MATERIALS PROVIDED
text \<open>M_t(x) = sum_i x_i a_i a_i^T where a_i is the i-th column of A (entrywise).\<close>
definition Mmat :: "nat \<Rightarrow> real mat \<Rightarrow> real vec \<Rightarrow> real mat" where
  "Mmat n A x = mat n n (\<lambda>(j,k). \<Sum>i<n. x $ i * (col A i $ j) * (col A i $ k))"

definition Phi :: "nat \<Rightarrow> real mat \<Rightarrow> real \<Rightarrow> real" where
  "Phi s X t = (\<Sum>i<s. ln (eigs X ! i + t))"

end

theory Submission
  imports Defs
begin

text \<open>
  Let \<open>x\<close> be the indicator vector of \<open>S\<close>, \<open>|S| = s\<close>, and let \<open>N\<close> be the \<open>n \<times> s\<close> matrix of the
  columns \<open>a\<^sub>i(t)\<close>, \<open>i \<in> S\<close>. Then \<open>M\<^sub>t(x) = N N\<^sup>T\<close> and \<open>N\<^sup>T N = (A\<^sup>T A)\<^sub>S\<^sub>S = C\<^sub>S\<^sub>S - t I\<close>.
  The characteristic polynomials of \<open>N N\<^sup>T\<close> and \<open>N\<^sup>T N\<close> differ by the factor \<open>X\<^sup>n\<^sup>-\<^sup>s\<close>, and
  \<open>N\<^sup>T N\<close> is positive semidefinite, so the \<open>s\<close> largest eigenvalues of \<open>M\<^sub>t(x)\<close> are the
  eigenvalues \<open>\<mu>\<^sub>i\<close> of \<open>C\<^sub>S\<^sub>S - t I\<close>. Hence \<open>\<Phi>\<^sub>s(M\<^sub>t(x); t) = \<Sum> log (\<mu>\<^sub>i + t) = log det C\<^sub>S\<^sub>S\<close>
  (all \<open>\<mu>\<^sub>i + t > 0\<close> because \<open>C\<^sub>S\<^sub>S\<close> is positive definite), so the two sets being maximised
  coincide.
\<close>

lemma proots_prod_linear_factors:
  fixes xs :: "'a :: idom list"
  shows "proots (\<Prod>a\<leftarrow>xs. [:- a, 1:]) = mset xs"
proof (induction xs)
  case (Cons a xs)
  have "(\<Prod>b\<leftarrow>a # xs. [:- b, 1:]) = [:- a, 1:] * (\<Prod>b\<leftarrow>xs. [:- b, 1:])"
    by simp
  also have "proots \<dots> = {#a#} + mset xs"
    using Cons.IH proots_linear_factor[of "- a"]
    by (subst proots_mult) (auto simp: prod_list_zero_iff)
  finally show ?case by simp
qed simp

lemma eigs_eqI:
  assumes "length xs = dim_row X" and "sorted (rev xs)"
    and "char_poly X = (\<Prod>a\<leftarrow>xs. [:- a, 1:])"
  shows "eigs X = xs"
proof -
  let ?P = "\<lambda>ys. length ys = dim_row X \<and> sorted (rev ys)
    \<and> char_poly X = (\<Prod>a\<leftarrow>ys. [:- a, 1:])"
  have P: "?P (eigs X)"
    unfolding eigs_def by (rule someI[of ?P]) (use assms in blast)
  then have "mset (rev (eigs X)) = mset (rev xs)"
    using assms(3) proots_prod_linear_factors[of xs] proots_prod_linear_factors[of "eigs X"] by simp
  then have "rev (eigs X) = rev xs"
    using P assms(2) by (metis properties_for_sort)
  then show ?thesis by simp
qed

* * *

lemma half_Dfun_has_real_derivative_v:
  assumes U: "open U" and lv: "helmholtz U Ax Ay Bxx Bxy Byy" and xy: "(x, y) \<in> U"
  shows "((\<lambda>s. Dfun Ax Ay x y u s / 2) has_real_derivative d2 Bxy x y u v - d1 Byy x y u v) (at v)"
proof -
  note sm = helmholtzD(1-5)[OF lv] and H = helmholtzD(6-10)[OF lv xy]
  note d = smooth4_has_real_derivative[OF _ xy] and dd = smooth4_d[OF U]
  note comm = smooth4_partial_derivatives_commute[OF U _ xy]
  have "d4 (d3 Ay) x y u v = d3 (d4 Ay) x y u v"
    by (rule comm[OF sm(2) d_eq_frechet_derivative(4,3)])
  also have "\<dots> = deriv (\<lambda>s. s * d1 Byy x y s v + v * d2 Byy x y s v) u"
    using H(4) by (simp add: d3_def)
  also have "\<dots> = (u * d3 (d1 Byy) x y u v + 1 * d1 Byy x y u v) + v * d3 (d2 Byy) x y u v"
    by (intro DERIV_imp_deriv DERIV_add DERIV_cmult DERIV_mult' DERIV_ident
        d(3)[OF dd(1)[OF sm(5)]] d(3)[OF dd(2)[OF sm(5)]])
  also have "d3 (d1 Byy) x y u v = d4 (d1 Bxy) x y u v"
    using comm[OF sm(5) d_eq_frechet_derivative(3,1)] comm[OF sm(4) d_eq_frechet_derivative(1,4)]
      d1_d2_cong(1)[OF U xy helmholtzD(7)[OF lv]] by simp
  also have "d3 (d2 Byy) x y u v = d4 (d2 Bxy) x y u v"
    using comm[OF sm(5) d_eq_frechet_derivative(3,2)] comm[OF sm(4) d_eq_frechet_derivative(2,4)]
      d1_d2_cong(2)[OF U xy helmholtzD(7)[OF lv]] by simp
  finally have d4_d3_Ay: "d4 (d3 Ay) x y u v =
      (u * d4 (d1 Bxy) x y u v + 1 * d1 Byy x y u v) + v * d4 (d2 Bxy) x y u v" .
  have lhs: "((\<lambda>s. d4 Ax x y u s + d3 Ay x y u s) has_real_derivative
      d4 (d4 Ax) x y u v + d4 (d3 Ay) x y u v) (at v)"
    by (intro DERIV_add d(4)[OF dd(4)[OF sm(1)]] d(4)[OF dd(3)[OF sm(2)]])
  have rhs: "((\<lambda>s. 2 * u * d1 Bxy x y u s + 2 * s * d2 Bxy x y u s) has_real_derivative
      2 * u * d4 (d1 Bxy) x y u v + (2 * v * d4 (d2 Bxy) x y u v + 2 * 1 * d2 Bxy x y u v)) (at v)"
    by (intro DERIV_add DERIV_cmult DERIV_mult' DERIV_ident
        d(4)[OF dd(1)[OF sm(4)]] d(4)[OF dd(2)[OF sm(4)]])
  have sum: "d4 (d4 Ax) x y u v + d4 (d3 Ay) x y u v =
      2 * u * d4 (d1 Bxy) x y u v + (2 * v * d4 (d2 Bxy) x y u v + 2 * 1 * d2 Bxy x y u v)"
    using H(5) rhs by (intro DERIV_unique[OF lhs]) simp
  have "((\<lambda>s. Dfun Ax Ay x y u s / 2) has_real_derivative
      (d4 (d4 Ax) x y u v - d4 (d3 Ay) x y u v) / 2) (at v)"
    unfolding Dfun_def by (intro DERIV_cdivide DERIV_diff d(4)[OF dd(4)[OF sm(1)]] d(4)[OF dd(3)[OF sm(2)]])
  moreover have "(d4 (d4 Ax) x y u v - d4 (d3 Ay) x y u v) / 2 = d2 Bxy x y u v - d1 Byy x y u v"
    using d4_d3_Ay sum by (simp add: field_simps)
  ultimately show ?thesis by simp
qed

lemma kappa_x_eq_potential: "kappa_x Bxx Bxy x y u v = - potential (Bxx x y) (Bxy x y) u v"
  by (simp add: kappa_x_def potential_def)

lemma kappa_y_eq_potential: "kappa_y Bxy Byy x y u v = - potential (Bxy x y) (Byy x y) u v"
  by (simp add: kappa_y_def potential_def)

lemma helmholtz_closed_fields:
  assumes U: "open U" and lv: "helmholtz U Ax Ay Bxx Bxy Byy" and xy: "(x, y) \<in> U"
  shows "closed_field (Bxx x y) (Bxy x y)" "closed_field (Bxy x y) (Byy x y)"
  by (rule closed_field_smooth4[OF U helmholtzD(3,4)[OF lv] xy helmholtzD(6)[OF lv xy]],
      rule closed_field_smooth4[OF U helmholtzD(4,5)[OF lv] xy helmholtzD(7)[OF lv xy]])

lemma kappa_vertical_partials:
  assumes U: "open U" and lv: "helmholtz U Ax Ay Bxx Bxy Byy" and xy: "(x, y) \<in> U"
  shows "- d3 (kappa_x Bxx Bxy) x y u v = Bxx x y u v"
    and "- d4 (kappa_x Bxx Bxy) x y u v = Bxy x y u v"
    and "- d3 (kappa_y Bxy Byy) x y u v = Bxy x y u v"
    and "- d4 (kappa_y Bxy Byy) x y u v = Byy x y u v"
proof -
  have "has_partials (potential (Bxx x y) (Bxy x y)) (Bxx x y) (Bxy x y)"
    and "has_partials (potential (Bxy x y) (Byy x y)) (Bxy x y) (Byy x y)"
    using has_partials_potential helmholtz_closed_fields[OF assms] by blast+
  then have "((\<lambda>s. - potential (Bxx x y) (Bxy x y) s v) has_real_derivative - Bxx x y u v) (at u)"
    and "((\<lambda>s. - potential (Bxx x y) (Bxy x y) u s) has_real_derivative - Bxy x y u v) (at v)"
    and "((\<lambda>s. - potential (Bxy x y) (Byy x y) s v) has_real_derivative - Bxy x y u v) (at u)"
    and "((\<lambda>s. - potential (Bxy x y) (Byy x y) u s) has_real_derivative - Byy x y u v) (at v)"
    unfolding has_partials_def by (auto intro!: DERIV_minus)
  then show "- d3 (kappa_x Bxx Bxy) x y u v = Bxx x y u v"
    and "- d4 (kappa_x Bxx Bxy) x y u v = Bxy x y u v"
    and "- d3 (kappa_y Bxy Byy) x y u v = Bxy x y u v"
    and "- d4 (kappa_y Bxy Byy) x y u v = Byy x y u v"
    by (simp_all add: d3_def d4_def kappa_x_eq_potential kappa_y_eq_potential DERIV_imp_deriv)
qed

WHAT THE TASK REQUIRES
Everything above from the line with "proof (induction xs)" to the line with "using Cons.IH proots_linear_factor[of", both included, must be repeated exactly, and nothing outside that range.

WRITTEN ANSWER
proof (induction xs)
  case (Cons a xs)
  have "(\<Prod>b\<leftarrow>a # xs. [:- b, 1:]) = [:- a, 1:] * (\<Prod>b\<leftarrow>xs. [:- b, 1:])"
    by simp
  also have "proots \<dots> = {#a#} + mset xs"
    using Cons.IH proots_linear_factor[of "- a"]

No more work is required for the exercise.